[Task description] Starting at the line that holds "case (Suc m)" and stopping at the line that holds "y)) = (\<Sum>i\<le>n.", restate the records below word for word, with both of those lines included.

[Data for analysis]
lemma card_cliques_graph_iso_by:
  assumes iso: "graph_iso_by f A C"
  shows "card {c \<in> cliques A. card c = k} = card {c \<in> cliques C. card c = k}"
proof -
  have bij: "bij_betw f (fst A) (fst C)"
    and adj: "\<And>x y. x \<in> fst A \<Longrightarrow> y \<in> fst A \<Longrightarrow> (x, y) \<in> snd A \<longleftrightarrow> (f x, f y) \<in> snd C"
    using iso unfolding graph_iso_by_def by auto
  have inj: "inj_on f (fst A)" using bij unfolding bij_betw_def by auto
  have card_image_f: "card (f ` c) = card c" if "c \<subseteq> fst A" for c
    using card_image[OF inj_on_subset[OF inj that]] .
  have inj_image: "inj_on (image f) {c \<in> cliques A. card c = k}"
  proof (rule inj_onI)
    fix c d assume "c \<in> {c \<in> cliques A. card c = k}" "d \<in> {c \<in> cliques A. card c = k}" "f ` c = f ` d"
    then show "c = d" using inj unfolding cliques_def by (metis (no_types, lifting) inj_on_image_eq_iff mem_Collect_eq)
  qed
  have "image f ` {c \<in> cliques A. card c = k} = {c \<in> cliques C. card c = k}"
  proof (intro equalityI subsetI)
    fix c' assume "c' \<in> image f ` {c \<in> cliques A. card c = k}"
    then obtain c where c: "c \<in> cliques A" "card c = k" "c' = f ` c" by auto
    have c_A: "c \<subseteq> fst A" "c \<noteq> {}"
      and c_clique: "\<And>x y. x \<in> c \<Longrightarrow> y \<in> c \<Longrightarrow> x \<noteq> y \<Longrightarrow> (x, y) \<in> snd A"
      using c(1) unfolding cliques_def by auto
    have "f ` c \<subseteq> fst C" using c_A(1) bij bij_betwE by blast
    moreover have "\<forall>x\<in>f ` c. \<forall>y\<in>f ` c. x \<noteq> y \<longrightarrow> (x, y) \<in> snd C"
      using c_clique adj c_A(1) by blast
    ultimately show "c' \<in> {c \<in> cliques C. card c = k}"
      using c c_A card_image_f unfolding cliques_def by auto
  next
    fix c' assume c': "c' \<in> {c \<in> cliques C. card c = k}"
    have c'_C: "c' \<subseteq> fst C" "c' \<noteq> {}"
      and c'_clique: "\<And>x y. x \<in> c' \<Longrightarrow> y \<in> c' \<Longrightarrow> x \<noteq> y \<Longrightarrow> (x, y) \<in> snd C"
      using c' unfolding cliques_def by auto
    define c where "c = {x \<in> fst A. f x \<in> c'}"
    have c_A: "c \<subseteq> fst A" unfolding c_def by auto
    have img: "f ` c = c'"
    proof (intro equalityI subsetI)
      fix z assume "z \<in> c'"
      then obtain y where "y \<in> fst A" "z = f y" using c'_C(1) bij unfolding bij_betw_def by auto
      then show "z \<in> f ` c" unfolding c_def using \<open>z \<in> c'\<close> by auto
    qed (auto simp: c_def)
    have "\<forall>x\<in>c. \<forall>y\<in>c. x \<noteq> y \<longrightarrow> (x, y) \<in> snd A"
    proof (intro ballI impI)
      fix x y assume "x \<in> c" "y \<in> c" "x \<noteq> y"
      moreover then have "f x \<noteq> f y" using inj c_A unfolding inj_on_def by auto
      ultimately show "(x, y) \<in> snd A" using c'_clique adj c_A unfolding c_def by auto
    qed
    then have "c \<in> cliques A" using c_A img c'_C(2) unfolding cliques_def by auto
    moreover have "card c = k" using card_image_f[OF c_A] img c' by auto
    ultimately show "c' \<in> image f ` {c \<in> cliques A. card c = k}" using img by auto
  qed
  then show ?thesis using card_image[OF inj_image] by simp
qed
==
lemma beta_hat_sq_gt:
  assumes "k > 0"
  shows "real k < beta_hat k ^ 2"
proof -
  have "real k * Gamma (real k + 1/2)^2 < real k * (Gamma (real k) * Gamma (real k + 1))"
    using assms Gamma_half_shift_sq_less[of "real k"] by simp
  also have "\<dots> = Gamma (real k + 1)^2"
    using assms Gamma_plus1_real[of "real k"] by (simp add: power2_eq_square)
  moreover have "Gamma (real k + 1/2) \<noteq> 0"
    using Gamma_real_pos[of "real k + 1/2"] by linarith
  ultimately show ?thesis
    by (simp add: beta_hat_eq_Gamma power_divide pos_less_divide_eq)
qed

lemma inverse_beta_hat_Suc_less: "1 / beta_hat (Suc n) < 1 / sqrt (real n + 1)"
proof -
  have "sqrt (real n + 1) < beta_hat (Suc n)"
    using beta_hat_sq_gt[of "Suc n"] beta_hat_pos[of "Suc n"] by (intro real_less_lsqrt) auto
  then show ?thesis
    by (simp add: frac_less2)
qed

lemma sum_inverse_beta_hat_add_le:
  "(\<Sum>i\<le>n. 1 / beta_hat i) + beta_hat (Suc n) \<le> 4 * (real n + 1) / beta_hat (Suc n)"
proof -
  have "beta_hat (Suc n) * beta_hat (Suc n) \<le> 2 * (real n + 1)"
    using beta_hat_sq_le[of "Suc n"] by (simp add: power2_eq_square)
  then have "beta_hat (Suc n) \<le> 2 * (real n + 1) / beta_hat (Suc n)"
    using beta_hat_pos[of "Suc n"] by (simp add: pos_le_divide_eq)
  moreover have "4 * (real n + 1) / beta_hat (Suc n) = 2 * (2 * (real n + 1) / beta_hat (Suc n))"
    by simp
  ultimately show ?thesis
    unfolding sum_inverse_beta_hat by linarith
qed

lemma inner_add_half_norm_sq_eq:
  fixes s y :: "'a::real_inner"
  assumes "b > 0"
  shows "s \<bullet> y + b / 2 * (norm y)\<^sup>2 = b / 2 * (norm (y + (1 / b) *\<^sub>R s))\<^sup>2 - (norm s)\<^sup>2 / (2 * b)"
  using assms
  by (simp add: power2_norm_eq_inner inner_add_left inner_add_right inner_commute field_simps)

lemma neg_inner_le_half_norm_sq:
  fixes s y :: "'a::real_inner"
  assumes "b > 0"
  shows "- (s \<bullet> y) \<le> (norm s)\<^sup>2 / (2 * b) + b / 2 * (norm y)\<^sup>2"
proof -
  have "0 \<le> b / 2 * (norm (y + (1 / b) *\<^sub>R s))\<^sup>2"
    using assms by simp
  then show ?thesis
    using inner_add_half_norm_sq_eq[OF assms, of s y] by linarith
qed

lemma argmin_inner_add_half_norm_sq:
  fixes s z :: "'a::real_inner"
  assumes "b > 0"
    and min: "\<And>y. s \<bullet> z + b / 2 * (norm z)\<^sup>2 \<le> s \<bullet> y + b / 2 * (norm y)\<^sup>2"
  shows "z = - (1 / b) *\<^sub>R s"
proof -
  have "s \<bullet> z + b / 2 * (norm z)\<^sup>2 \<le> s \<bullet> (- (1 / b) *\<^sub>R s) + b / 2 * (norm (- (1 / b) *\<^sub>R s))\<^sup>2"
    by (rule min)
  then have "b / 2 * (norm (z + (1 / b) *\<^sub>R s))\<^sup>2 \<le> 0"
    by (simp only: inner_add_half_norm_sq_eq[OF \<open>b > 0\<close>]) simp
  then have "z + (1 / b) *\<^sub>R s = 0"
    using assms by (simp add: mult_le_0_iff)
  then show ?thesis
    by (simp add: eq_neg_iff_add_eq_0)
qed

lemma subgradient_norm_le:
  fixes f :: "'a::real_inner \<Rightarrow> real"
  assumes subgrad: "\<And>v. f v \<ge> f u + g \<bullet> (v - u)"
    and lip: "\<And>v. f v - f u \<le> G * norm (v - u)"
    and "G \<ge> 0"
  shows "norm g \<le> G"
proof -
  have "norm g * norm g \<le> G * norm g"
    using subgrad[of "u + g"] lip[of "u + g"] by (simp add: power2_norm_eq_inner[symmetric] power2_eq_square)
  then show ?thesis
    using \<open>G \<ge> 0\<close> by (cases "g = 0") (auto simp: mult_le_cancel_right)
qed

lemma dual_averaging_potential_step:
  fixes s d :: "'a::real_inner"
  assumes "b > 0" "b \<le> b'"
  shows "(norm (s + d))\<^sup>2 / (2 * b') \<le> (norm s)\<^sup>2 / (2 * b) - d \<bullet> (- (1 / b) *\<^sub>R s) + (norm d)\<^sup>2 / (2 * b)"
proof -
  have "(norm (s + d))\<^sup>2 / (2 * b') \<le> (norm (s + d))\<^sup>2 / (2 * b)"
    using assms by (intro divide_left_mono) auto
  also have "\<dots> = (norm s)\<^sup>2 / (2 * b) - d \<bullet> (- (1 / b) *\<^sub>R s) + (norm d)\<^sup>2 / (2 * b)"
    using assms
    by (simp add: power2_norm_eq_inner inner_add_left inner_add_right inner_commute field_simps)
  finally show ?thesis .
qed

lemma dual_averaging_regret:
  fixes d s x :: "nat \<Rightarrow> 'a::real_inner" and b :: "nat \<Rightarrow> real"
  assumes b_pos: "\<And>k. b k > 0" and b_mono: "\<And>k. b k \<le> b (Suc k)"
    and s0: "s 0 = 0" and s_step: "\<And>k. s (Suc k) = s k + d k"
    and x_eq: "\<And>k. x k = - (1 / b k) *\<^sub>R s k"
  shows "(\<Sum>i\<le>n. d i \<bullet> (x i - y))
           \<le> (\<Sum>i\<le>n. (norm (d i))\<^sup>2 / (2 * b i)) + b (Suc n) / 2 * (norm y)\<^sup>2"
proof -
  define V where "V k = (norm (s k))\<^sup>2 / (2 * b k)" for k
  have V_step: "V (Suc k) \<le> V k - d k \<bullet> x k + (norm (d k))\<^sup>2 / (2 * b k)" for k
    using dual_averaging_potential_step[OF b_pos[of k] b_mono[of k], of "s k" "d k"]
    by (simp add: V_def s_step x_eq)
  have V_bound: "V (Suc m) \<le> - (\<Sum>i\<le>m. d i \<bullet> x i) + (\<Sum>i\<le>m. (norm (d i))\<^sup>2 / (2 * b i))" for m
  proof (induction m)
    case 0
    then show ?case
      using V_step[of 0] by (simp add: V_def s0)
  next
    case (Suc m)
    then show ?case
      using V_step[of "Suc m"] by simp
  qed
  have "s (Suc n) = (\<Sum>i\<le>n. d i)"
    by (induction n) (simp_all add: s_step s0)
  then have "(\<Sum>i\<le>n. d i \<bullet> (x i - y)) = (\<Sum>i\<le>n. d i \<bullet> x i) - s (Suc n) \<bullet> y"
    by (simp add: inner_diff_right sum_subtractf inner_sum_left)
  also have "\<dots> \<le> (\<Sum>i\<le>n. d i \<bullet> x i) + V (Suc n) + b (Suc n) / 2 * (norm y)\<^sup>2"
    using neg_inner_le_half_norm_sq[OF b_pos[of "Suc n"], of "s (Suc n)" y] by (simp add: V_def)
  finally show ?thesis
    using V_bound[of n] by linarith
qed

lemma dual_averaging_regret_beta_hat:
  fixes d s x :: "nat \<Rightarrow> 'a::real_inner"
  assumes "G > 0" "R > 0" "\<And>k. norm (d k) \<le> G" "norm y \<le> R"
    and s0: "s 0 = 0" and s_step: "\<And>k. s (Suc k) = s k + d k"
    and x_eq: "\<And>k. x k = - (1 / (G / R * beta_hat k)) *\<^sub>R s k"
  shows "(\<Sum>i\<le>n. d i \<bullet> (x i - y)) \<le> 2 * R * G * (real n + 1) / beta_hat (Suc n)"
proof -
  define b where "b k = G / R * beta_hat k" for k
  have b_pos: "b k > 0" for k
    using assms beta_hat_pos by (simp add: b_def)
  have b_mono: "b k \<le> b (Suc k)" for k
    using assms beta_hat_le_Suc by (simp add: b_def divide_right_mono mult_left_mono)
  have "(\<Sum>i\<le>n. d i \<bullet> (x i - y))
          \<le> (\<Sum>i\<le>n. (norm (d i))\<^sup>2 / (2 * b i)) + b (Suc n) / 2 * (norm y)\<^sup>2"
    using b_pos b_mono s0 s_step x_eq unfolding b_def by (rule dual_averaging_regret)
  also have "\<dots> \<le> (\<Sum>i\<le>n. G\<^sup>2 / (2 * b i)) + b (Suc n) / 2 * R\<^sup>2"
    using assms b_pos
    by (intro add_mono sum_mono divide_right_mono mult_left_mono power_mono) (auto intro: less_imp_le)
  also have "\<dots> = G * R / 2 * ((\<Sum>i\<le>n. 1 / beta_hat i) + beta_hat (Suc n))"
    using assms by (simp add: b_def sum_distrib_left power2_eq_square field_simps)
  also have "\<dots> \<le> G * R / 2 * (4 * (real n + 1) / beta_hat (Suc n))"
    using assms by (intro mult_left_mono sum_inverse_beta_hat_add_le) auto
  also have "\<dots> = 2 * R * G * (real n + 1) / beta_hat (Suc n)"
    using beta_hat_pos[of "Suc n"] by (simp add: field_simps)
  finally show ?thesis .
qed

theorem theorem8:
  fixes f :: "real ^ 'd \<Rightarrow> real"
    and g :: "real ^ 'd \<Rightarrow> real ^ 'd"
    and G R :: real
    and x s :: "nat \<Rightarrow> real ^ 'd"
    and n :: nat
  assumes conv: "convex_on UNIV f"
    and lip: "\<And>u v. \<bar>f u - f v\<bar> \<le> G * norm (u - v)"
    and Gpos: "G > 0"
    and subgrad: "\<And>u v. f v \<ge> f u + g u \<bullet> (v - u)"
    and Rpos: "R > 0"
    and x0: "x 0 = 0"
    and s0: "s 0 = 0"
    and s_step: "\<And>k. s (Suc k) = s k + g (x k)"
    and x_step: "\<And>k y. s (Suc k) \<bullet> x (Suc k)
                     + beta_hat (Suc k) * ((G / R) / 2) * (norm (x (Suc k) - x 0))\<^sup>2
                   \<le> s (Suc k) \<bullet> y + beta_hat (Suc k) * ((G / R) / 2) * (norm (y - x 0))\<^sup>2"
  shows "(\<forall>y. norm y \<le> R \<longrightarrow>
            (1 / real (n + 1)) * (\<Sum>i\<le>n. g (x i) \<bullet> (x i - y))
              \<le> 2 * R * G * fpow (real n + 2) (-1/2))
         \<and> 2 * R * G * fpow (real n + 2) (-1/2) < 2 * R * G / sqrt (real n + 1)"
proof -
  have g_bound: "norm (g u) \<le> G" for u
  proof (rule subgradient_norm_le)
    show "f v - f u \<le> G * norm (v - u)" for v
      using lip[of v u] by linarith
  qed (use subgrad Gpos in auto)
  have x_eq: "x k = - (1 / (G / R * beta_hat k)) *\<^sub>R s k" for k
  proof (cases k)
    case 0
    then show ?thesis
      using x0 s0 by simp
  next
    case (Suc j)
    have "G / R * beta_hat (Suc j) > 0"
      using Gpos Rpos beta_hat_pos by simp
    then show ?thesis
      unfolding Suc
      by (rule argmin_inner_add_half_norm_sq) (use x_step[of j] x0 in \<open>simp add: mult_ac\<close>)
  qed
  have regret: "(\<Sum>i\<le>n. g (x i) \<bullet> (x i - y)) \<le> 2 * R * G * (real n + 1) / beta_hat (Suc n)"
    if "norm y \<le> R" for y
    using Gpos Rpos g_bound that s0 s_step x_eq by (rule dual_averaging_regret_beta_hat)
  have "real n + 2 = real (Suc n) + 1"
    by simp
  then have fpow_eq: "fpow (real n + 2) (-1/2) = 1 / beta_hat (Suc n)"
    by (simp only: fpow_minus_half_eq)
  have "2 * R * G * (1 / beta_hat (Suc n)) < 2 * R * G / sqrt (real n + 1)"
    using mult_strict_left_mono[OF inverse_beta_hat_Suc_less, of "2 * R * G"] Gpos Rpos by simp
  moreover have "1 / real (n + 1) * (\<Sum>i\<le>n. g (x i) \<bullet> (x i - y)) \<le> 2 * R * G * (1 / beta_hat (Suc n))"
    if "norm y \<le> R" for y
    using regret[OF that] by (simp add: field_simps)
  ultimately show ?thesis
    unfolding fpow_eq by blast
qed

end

[Task answer]
    case (Suc m)
    then show ?case
      using V_step[of "Suc m"] by simp
  qed
  have "s (Suc n) = (\<Sum>i\<le>n. d i)"
    by (induction n) (simp_all add: s_step s0)
  then have "(\<Sum>i\<le>n. d i \<bullet> (x i - y)) = (\<Sum>i\<le>n. d i \<bullet> x i) - s (Suc n) \<bullet> y"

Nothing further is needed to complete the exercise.